The only CoolerMaster PSUs recommended are the Real Power Pro line--the rest range from mediocre to junk, though none of them sink to the same depths as, say, Rosewill. I don't know about yours in particular, but you need to keep in mind the factor of noise. You see, as your CPU/RAM/NB cycle they create large picosecond demand on your +12V rail for power. A high quality PSU will deliver this power right when it's needed, but a cheap one might have a slow response time and deliver it as much as a picosecond late. This translates into electrical noise on the CPU/RAM's bus, and if that noise is too great then it can cause random errors, crashes, and instability. This gets more significant the faster the component is clocked, because it's cycling a lot more quickly, and the more noise will effect your CPU and RAM. So you not only want a PSU that has sufficient wattage to run your components, but you also want one with stable voltages, good response time, and good efficiency, and these things usually go hand in hand, so a PSU with 80+% efficiency is usually a must for anyone who wants a stable, powerful computer.

PC Power & Cooling and SeaSonic make some of the best power supplies out there, but they're pricey. Corsair is usually recognized as having some of the best PSUs for the money. Silverstone is quite good as well. If you're on a tighter budget, brands like OCZ, CoolerMaster Real Power Pro, Thermaltake Toughpower, and some of the others are acceptable, though you want to scrutinize their technical specs and try to look for single rail models.


For CPU heatsinks Zalman is generally considered the best brand. However I'm using a Thermaltake V1 and am quite satisfied, with an E2200 2.2GHz [email protected] I'm seeing idle temps of 25C, gaming load 45C, Prime95 load of 52C. [email protected] it's idle 26C, gaming load 48C, and Prime95 load 58C. The one thing you want to look out for is if you have enough room in your case. Most of these heatsinks are several inches tall with big copper blades and fins, and most won't fit into micro/mini tower cases like most store-bought PCs come in. You want a nice, roomy mid or full tower case with a nice front/side-to-back/top airflow.
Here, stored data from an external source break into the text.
(* Let $\Omega\subset\mathbb{C}$ be a simply connected domain, let $(h,\mathcal{M},\mathcal{N})$ be a Weierstrass data of the second kind on $\Omega$, and let $\tau\in\mathbb{R}$. Set $h_\tau:=e^{-i\tau}h$ and $\mathcal{N}_\tau:=\mathcal{N}$. Then there exists a $\mathcal{C}^2$ function $\mathcal{M}_\tau:\Omega\to\mathbb{R}$ satisfying $$(\mathcal{M}_\tau)_z=e^{i\tau}\mathcal{M}_z-\frac{e^{i\tau}-e^{-i\tau}}{2}\,h\,\mathcal{N}_z,$$ and for any such $\mathcal{M}_\tau$ the triple $(h_\tau,\mathcal{M}_\tau,\mathcal{N}_\tau)$ is a Weierstrass data of the second kind on $\Omega$.
   Context: $\Omega\subset\mathbb{R}^2\equiv\mathbb{C}$ has complex coordinate $z=u+iv$, and $\partial_z=\frac12(\partial_u-i\partial_v)$, $\partial_{\overline z}=\frac12(\partial_u+i\partial_v)$; subscripts denote partial derivatives. A Weierstrass data of the second kind on $\Omega$ is a triple $(h,\mathcal{M},\mathcal{N})$ where $h:\Omega\to\mathbb{C}\setminus\{0\}$ and $\mathcal{M},\mathcal{N}:\Omega\to\mathbb{R}$ are $\mathcal{C}^2$, satisfying $h_{\overline z}=0$, $\mathcal{M}_{z\overline z}=(\mathrm{Re}\,h)\,\mathcal{N}_{z\overline z}$, and $\mathcal{M}_z-(\mathrm{Re}\,h)\,\mathcal{N}_z\neq0$ at every point of $\Omega$. *)

theory Defs
  imports "HOL-Analysis.Analysis"
begin

text \<open>With w = 1 this is the u-derivative, with w = i
  the v-derivative (z = u + i v).\<close>
definition pd :: "(complex \<Rightarrow> 'a::real_normed_vector) \<Rightarrow> complex \<Rightarrow> complex \<Rightarrow> 'a" where
  "pd f w z = frechet_derivative f (at z) w"

definition Dz :: "(complex \<Rightarrow> complex) \<Rightarrow> complex \<Rightarrow> complex" where
  "Dz f z = (pd f 1 z - \<i> * pd f \<i> z) / 2"

definition Dzbar :: "(complex \<Rightarrow> complex) \<Rightarrow> complex \<Rightarrow> complex" where
  "Dzbar f z = (pd f 1 z + \<i> * pd f \<i> z) / 2"

definition C2_on :: "complex set \<Rightarrow> (complex \<Rightarrow> 'a::real_normed_vector) \<Rightarrow> bool" where
  "C2_on \<Omega> f \<longleftrightarrow>
     f differentiable_on \<Omega> \<and>
     (\<forall>w \<in> {1, \<i>}. (\<lambda>z. pd f w z) differentiable_on \<Omega>) \<and>
     (\<forall>w \<in> {1, \<i>}. \<forall>w' \<in> {1, \<i>}. continuous_on \<Omega> (\<lambda>z. pd (\<lambda>x. pd f w x) w' z))"

definition weierstrass_data_2 ::
  "complex set \<Rightarrow> (complex \<Rightarrow> complex) \<Rightarrow> (complex \<Rightarrow> real) \<Rightarrow> (complex \<Rightarrow> real) \<Rightarrow> bool" where
  "weierstrass_data_2 \<Omega> h M N \<longleftrightarrow>
     C2_on \<Omega> h \<and> C2_on \<Omega> M \<and> C2_on \<Omega> N \<and>
     (\<forall>z \<in> \<Omega>. h z \<noteq> 0) \<and>
     (\<forall>z \<in> \<Omega>. Dzbar h z = 0) \<and>
     (\<forall>z \<in> \<Omega>. Dzbar (Dz (\<lambda>x. complex_of_real (M x))) z
                = complex_of_real (Re (h z)) * Dzbar (Dz (\<lambda>x. complex_of_real (N x))) z) \<and>
     (\<forall>z \<in> \<Omega>. Dz (\<lambda>x. complex_of_real (M x)) z
                - complex_of_real (Re (h z)) * Dz (\<lambda>x. complex_of_real (N x)) z \<noteq> 0)"

end

theory Submission
  imports Defs "HOL-Complex_Analysis.Riemann_Mapping"
begin

text \<open>Let \<open>G\<close> be the prescribed value of \<open>Dz M\<^sub>\<tau>\<close>. A real function \<open>g\<close> has \<open>Dz g = G\<close>
  iff \<open>dg = Re (2 G dz)\<close>, so one has to show that this real 1-form is closed, i.e. that
  \<open>Dzbar G\<close> is real. As \<open>h\<close> is holomorphic and \<open>Dzbar (Dz M) = Re h * Dzbar (Dz N)\<close>,
  \<open>Dzbar G = (e\<^sup>i\<^sup>\<tau> Re h - i sin \<tau> h) Dzbar (Dz N) = Re (e\<^sup>-\<^sup>i\<^sup>\<tau> h) Dzbar (Dz N)\<close>, and
  \<open>Dzbar (Dz N) = \<Delta>N / 4\<close> is real by the symmetry of second derivatives. A closed form is exact
  on the disc (integrate along rays) and hence, by the Riemann mapping theorem, on every simply
  connected domain. For any such \<open>M\<^sub>\<tau>\<close> the same computation gives the second-order equation
  for the rotated data, and \<open>Dz M\<^sub>\<tau> - Re h\<^sub>\<tau> Dz N = e\<^sup>i\<^sup>\<tau> (Dz M - Re h Dz N) \<noteq> 0\<close>.\<close>

section \<open>Wirtinger calculus\<close>

lemma pd_eq: "(f has_derivative f') (at z) \<Longrightarrow> pd f w z = f' w"
  by (simp add: pd_def frechet_derivative_at[symmetric])

lemma has_derivative_pd: "f differentiable (at z) \<Longrightarrow> (f has_derivative (\<lambda>w. pd f w z)) (at z)"
  unfolding pd_def by (metis frechet_derivative_works eta_contract_eq)

lemma pd_cong:
  assumes "open S" "z \<in> S" "\<And>x. x \<in> S \<Longrightarrow> f x = g x"
  shows "pd f w z = pd g w z"
proof -
  have "(f has_derivative D) (at z) \<longleftrightarrow> (g has_derivative D) (at z)" for D
    using assms has_derivative_transform_within_open[of _ _ z UNIV S] by metis
  then show ?thesis unfolding pd_def frechet_derivative_def by simp
qed

lemma differentiable_cong_open:
  assumes "open S" "z \<in> S" "\<And>x. x \<in> S \<Longrightarrow> f x = g x" "f differentiable (at z)"
  shows "g differentiable (at z)"
  using assms has_derivative_transform_within_open[of f _ z UNIV S g]
  unfolding differentiable_def by blast

lemma linear_complex_eq:
  fixes L :: "complex \<Rightarrow> 'a::real_normed_vector"
  assumes "linear L"
  shows "L w = Re w *\<^sub>R L 1 + Im w *\<^sub>R L \<i>"
proof -
  have "w = Re w *\<^sub>R 1 + Im w *\<^sub>R \<i>" by (simp add: complex_eq_iff)
  then have "L w = L (Re w *\<^sub>R 1 + Im w *\<^sub>R \<i>)" by simp
  also have "\<dots> = Re w *\<^sub>R L 1 + Im w *\<^sub>R L \<i>"
    using assms by (simp add: linear_add linear_scale)
  finally show ?thesis .
qed

lemma has_derivative_Wirtinger:
  fixes f :: "complex \<Rightarrow> complex"
  assumes "f differentiable (at z)"
  shows "(f has_derivative (\<lambda>w. Dz f z * w + Dzbar f z * cnj w)) (at z)"
proof -
  have D: "(f has_derivative (\<lambda>w. pd f w z)) (at z)"
    using assms by (rule has_derivative_pd)
  have "pd f w z = Dz f z * w + Dzbar f z * cnj w" for w
    unfolding linear_complex_eq[OF has_derivative_linear[OF D], of w]
    by (simp add: Dz_def Dzbar_def complex_eq_iff scaleR_conv_of_real field_simps)
  then show ?thesis using D by simp
qed

lemma Wirtinger_eqI:
  fixes f :: "complex \<Rightarrow> complex"
  assumes "(f has_derivative (\<lambda>w. a * w + b * cnj w)) (at z)"
  shows "Dz f z = a" "Dzbar f z = b"
  using pd_eq[OF assms] by (simp_all add: Dz_def Dzbar_def algebra_simps)

lemma Dz_of_real_eqI:
  fixes g :: "complex \<Rightarrow> real"
  assumes "(g has_derivative (\<lambda>w. Re (p * w))) (at z)"
  shows "Dz (\<lambda>x. complex_of_real (g x)) z = p / 2"
proof -
  have "complex_of_real (Re (p * w)) = p / 2 * w + cnj p / 2 * cnj w" for w
    by (simp add: complex_eq_iff field_simps)
  moreover have "((\<lambda>x. complex_of_real (g x)) has_derivative (\<lambda>w. complex_of_real (Re (p * w)))) (at z)"
    using assms by (auto intro!: derivative_eq_intros)
  ultimately have "((\<lambda>x. complex_of_real (g x)) has_derivative (\<lambda>w. p / 2 * w + cnj p / 2 * cnj w)) (at z)"
    by simp
  then show ?thesis by (rule Wirtinger_eqI(1))
qed

lemma Dzbar_cmult:
  fixes f :: "complex \<Rightarrow> complex"
  assumes "f differentiable (at z)"
  shows "Dzbar (\<lambda>x. c * f x) z = c * Dzbar f z"
proof -
  have "((\<lambda>x. c * f x) has_derivative (\<lambda>w. (c * Dz f z) * w + (c * Dzbar f z) * cnj w)) (at z)"
    using has_derivative_mult_right[OF has_derivative_Wirtinger[OF assms], of c]
    by (simp add: algebra_simps)
  then show ?thesis by (rule Wirtinger_eqI(2))
qed

lemma Dzbar_cong:
  assumes "open S" "z \<in> S" "\<And>x. x \<in> S \<Longrightarrow> f x = g x"
  shows "Dzbar f z = Dzbar g z"
  unfolding Dzbar_def using pd_cong[OF assms] by simp

lemma C2_onD:
  assumes "open S" "C2_on S f" "z \<in> S"
  shows "f differentiable (at z)" "pd f 1 differentiable (at z)" "pd f \<i> differentiable (at z)"
  using assms by (auto simp: C2_on_def differentiable_on_eq_differentiable_at)

lemma C2_on_continuous_pd:
  assumes "open S" "C2_on S f" "w \<in> {1, \<i>}"
  shows "continuous_on S (pd f w)"
  using assms by (auto simp: C2_on_def intro: differentiable_imp_continuous_on)

lemma C2_on_continuous_pd_pd:
  assumes "C2_on S f" "w \<in> {1, \<i>}" "w' \<in> {1, \<i>}"
  shows "continuous_on S (pd (pd f w) w')"
  using assms by (auto simp: C2_on_def)

lemma pd_bounded_linear:
  assumes "bounded_linear T" "f differentiable (at z)"
  shows "pd (\<lambda>x. T (f x)) w z = T (pd f w z)"
  by (rule pd_eq) (rule bounded_linear.has_derivative[OF assms(1) has_derivative_pd[OF assms(2)]])

lemma pd_pd_bounded_linear:
  assumes T: "bounded_linear T" and S: "open S" and C: "C2_on S f" and z: "z \<in> S" and w: "w \<in> {1, \<i>}"
  shows "pd (pd (\<lambda>z. T (f z)) w) w' z = T (pd (pd f w) w' z)"
proof -
  have "pd (pd (\<lambda>z. T (f z)) w) w' z = pd (\<lambda>x. T (pd f w x)) w' z"
    by (rule pd_cong[OF S z]) (simp add: pd_bounded_linear[OF T] C2_onD(1)[OF S C])
  also have "\<dots> = T (pd (pd f w) w' z)"
    using pd_bounded_linear[OF T] C2_onD(2,3)[OF S C z] w by auto
  finally show ?thesis .
qed

lemma C2_on_bounded_linear:
  fixes f :: "complex \<Rightarrow> 'a::real_normed_vector" and T :: "'a \<Rightarrow> 'b::real_normed_vector"
  assumes T: "bounded_linear T" and S: "open S" and C: "C2_on S f"
  shows "C2_on S (\<lambda>z. T (f z))"
  unfolding C2_on_def
proof (intro conjI ballI)
  have diffT: "(\<lambda>x. T (g x)) differentiable (at z)" if "g differentiable (at z)" for g :: "complex \<Rightarrow> 'a" and z
    using that bounded_linear.has_derivative[OF T] unfolding differentiable_def by blast
  show "(\<lambda>z. T (f z)) differentiable_on S"
    using C2_onD(1)[OF S C] diffT by (simp add: S differentiable_on_eq_differentiable_at)
  fix w assume w: "w \<in> {1, \<i>}"
  show "pd (\<lambda>z. T (f z)) w differentiable_on S"
    unfolding differentiable_on_eq_differentiable_at[OF S]
  proof
    fix z assume z: "z \<in> S"
    have "pd f w differentiable (at z)" using C2_onD(2,3)[OF S C z] w by auto
    then show "pd (\<lambda>z. T (f z)) w differentiable (at z)"
      by (rule differentiable_cong_open[OF S z, rotated, OF diffT])
         (simp add: pd_bounded_linear[OF T] C2_onD(1)[OF S C])
  qed
  fix w' assume "w' \<in> {1, \<i>}"
  then have "continuous_on S (\<lambda>z. T (pd (pd f w) w' z))"
    using bounded_linear.continuous_on[OF T C2_on_continuous_pd_pd[OF C w]] by blast
  then show "continuous_on S (pd (pd (\<lambda>z. T (f z)) w) w')"
    by (rule continuous_on_eq) (simp add: pd_pd_bounded_linear[OF T S C _ w])
qed

lemma C2_on_of_real:
  fixes F :: "complex \<Rightarrow> real"
  assumes "open S" "C2_on S F"
  shows "C2_on S (\<lambda>x. complex_of_real (F x))"
  using C2_on_bounded_linear[OF bounded_linear_of_real assms] .

lemma has_derivative_Dz:
  assumes "open S" "C2_on S f" "z \<in> S"
  shows "(Dz f has_derivative (\<lambda>w. (pd (pd f 1) w z - \<i> * pd (pd f \<i>) w z) / 2)) (at z)"
  unfolding Dz_def[abs_def]
  using has_derivative_pd C2_onD(2,3)[OF assms] by (auto intro!: derivative_eq_intros)

lemma Dzbar_Dz_eq:
  assumes "open S" "C2_on S f" "z \<in> S"
  shows "Dzbar (Dz f) z = (pd (pd f 1) 1 z + pd (pd f \<i>) \<i> z + \<i> * (pd (pd f 1) \<i> z - pd (pd f \<i>) 1 z)) / 4"
  unfolding Dzbar_def pd_eq[OF has_derivative_Dz[OF assms]] by (simp add: field_simps)

lemma C2_on_continuous_Wirtinger:
  assumes S: "open S" and C: "C2_on S f"
  shows "continuous_on S (Dz f)" "continuous_on S (Dzbar f)"
    and "continuous_on S (Dz (Dz f))" "continuous_on S (Dzbar (Dz f))"
proof -
  note c1 = C2_on_continuous_pd[OF S C, of 1] C2_on_continuous_pd[OF S C, of \<i>]
  note c2 = C2_on_continuous_pd_pd[OF C, of 1 1] C2_on_continuous_pd_pd[OF C, of 1 \<i>]
    C2_on_continuous_pd_pd[OF C, of \<i> 1] C2_on_continuous_pd_pd[OF C, of \<i> \<i>]
  show "continuous_on S (Dz f)" "continuous_on S (Dzbar f)"
    unfolding Dz_def[abs_def] Dzbar_def[abs_def] using c1 by (auto intro!: continuous_intros)
  have DzDz: "Dz (Dz f) z = (pd (pd f 1) 1 z - \<i> * pd (pd f \<i>) 1 z
      - \<i> * (pd (pd f 1) \<i> z - \<i> * pd (pd f \<i>) \<i> z)) / 4" if "z \<in> S" for z
    unfolding Dz_def[of "Dz f"] pd_eq[OF has_derivative_Dz[OF S C that]] by (simp add: field_simps)
  show "continuous_on S (Dz (Dz f))"
    by (rule continuous_on_eq[where f = "\<lambda>z. (pd (pd f 1) 1 z - \<i> * pd (pd f \<i>) 1 z
      - \<i> * (pd (pd f 1) \<i> z - \<i> * pd (pd f \<i>) \<i> z)) / 4"])
       (use c2 DzDz in \<open>auto intro!: continuous_intros\<close>)
  show "continuous_on S (Dzbar (Dz f))"
    by (rule continuous_on_eq[where f = "\<lambda>z. (pd (pd f 1) 1 z + pd (pd f \<i>) \<i> z
      + \<i> * (pd (pd f 1) \<i> z - pd (pd f \<i>) 1 z)) / 4"])
       (use c2 Dzbar_Dz_eq[OF S C] in \<open>auto intro!: continuous_intros\<close>)
qed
On a stock cooler you might manage an overclock of up to .3 or .4GHz, which will yield a moderate performance boost, but don't expect miracles, and you have to watch your temperatures like a hawk until you're sure it's stable and below 65C under full load. To get started read the overclocking guide at the top of this sub forum.


----------



## thaFunkster (Jul 19, 2009)

Hmm, more food for thought. I was really hoping to maybe just replace the cooler with say this one: ARCTIC COOLING Freezer 7 Pro 92mm.

Repalcing a PSU starts to get genuinely expensive.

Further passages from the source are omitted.